Exercise data -
______________________________

lemma perp_span: "perp scale (T.span G) = perp scale G"
proof (intro set_eqI iffI)
  fix x assume x: "x \<in> perp scale G"
  then have xTE: "x \<in> TE scale" by (simp add: perp_def)
  have "tform x y = 0" if "y \<in> T.span G" for y
    using that
  proof (induction rule: T.span_induct_alt)
    case base then show ?case using xTE by (cases x) (simp add: zero_prod_def dual_zero)
  next
    case (step c g y)
    obtain a \<chi> where xx: "x = (a, \<chi>)" by (cases x)
    have "tform x (tscale scale c g + y) = c * tform x g + tform x y"
      using xTE by (simp add: xx tform_def tscale_def dual_add dual_scale algebra_simps)
    then show ?case using x step by (simp add: perp_def)
  qed
  then show "x \<in> perp scale (T.span G)" using xTE by (simp add: perp_def)
qed (auto simp: perp_def T.span_base)

lemma perp_commutators:
  "perp scale {tmult u v - tmult v u | u v. u \<in> TE scale \<and> v \<in> TE scale} = Zc tmult (TE scale)"
proof (intro set_eqI iffI)
  fix x assume x: "x \<in> perp scale {tmult u v - tmult v u | u v. u \<in> TE scale \<and> v \<in> TE scale}"
  then have xTE: "x \<in> TE scale" by (simp add: perp_def)
  have "tmult x u = tmult u x" if u: "u \<in> TE scale" for u
  proof -
    have "tform (tmult x u - tmult u x) v = 0" if v: "v \<in> TE scale" for v
    proof -
      have "tmult u v - tmult v u \<in> {tmult u v - tmult v u | u v. u \<in> TE scale \<and> v \<in> TE scale}"
        using u v by blast
      then have "tform x (tmult u v - tmult v u) = 0" using x unfolding perp_def by blast
      then show ?thesis using tform_commutator[OF xTE v] by simp
    qed
    moreover have "tmult x u - tmult u x \<in> TE scale"
      using u xTE by (intro diff_in_TE tmult_in_TE)
    ultimately have "tmult x u - tmult u x \<in> perp scale (TE scale)" by (simp add: perp_def)
    then show ?thesis by (simp add: perp_TE)
  qed
  then show "x \<in> Zc tmult (TE scale)" using xTE by (simp add: Zc_def)
next
  fix x assume x: "x \<in> Zc tmult (TE scale)"
  then have xTE: "x \<in> TE scale" by (simp add: Zc_def)
  have "tform x (tmult u v - tmult v u) = 0" if "u \<in> TE scale" "v \<in> TE scale" for u v
  proof -
    have "tmult x u - tmult u x = 0" using x that by (simp add: Zc_def del: tmult_Pair)
    then show ?thesis
      using tform_commutator[OF xTE \<open>v \<in> TE scale\<close>] \<open>v \<in> TE scale\<close>
      by (cases v) (simp add: zero_prod_def dual_zero)
  qed
  then show "x \<in> perp scale {tmult u v - tmult v u | u v. u \<in> TE scale \<and> v \<in> TE scale}"
    using xTE by (auto simp: perp_def)
qed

______________________________

Write out a verbatim copy of the data, beginning with its first line and ending with the line that contains "case (step c g y)".

lemma perp_span: "perp scale (T.span G) = perp scale G"
proof (intro set_eqI iffI)
  fix x assume x: "x \<in> perp scale G"
  then have xTE: "x \<in> TE scale" by (simp add: perp_def)
  have "tform x y = 0" if "y \<in> T.span G" for y
    using that
  proof (induction rule: T.span_induct_alt)
    case base then show ?case using xTE by (cases x) (simp add: zero_prod_def dual_zero)
  next
    case (step c g y)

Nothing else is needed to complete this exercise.